What is needed: All lines in the material below that hold "moreover" should be found and copied.

Data to process:
========================================
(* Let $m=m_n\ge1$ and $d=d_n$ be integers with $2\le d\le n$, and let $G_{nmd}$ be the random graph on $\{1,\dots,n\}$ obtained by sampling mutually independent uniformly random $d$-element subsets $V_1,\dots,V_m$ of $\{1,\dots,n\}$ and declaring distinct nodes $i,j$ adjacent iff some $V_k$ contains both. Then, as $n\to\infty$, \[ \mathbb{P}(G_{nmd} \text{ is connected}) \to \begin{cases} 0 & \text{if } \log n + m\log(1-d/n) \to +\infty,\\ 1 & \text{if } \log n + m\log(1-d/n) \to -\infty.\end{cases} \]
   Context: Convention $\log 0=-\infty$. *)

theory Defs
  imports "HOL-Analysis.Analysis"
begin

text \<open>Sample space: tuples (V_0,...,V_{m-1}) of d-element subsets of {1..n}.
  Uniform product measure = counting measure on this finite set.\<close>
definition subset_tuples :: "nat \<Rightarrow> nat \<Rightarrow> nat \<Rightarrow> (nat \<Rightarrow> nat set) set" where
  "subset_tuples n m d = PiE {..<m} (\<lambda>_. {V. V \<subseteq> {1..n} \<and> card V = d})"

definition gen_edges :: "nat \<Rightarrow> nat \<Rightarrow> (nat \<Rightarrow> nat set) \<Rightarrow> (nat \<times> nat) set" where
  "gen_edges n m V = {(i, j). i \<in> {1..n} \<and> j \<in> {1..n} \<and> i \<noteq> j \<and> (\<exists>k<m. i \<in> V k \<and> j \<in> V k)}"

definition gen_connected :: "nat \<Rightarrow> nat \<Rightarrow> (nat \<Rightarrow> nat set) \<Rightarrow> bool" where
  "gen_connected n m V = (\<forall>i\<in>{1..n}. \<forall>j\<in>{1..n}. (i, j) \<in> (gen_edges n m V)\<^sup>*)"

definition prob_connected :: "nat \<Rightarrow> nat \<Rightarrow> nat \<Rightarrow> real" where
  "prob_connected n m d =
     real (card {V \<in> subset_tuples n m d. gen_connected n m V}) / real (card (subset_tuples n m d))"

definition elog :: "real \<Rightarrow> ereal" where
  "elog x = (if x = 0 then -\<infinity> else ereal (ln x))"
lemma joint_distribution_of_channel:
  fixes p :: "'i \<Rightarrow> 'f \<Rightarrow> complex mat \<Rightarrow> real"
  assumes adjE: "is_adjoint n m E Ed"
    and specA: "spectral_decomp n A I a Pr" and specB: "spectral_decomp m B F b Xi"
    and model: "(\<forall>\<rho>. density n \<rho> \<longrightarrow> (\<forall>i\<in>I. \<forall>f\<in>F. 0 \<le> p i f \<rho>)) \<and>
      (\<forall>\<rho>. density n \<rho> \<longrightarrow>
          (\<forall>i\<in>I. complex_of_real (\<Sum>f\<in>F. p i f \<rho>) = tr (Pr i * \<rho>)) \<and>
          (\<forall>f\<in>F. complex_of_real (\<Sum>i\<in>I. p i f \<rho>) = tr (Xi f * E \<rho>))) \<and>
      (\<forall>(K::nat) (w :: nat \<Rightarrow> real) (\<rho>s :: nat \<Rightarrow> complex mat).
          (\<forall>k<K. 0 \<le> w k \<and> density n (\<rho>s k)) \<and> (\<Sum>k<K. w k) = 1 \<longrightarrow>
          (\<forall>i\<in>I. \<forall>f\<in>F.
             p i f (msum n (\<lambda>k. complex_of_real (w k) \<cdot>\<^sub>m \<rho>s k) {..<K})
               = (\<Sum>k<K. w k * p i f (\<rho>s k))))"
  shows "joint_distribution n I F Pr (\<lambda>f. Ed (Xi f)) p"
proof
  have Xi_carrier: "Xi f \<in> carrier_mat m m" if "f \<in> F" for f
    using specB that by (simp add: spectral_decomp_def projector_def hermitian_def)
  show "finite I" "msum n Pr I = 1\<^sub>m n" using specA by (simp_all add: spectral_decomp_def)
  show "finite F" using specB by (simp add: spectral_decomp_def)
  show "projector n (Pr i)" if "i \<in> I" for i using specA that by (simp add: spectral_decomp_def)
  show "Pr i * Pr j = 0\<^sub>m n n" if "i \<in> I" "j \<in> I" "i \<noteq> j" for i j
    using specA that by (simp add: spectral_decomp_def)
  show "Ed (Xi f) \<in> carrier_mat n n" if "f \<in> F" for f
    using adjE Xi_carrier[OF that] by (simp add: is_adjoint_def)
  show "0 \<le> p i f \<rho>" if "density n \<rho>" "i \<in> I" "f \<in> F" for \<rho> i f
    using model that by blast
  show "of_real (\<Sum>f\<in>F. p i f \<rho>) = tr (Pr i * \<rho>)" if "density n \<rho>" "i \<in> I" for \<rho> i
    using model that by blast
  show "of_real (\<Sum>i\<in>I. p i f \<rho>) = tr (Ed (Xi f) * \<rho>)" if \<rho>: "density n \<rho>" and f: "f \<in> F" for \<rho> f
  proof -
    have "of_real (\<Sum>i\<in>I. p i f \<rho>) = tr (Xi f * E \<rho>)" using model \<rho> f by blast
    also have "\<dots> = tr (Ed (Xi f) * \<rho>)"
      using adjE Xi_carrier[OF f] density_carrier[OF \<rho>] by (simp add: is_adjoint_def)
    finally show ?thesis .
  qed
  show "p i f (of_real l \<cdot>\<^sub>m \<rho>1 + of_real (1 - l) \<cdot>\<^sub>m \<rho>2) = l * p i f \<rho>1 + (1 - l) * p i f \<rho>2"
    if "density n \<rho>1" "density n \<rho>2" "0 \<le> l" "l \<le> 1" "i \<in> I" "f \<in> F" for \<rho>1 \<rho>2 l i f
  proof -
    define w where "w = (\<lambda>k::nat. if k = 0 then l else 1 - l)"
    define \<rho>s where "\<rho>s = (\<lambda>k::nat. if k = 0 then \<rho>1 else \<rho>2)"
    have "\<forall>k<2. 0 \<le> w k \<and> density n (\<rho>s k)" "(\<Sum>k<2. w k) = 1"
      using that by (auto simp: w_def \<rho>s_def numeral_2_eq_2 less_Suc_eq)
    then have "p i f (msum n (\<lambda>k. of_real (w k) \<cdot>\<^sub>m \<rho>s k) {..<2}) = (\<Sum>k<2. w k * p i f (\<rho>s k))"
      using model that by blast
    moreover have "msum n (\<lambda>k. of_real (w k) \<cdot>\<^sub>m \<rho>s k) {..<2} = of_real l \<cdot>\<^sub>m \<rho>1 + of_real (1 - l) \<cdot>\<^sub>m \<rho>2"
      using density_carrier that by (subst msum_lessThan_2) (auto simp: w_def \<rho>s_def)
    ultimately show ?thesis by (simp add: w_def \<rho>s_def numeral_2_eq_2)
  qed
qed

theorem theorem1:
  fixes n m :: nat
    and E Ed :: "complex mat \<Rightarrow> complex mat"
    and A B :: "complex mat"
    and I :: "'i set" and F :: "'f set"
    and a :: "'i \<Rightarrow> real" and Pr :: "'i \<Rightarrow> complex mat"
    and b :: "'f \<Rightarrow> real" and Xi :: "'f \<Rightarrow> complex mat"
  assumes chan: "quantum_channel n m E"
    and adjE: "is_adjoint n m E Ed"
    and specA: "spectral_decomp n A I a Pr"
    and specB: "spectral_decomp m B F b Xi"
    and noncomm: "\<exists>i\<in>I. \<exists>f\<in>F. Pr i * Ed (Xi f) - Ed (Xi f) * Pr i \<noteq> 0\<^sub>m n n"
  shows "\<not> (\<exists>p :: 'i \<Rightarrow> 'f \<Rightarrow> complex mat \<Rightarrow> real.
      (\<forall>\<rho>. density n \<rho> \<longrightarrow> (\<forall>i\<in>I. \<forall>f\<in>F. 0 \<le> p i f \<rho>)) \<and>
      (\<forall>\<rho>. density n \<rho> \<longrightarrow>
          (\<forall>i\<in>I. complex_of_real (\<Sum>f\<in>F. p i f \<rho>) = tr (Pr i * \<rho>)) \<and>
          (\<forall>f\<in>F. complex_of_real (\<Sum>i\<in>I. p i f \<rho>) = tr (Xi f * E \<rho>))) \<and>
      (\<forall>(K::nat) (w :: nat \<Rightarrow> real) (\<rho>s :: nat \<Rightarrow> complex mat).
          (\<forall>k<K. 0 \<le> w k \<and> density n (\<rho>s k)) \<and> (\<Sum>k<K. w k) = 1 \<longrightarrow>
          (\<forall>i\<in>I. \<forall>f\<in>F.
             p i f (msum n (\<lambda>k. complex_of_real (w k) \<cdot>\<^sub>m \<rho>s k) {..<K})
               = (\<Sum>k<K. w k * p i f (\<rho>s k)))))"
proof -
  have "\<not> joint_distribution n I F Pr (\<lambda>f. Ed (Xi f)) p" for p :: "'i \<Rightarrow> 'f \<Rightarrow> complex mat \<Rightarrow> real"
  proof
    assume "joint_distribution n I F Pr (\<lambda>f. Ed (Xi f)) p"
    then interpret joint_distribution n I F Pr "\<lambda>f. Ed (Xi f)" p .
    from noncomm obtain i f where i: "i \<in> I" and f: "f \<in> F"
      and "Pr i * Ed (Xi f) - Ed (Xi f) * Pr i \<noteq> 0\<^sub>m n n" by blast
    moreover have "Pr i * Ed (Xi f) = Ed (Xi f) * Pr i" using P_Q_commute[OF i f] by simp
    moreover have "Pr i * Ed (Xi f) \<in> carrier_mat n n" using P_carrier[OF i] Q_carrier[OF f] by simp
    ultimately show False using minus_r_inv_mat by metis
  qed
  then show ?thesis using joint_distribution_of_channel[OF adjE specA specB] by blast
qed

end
========================================
Result of this exercise:
    moreover have "msum n (\<lambda>k. of_real (w k) \<cdot>\<^sub>m \<rho>s k) {..<2} = of_real l \<cdot>\<^sub>m \<rho>1 + of_real (1 - l) \<cdot>\<^sub>m \<rho>2"
    moreover have "Pr i * Ed (Xi f) = Ed (Xi f) * Pr i" using P_Q_commute[OF i f] by simp
    moreover have "Pr i * Ed (Xi f) \<in> carrier_mat n n" using P_carrier[OF i] Q_carrier[OF f] by simp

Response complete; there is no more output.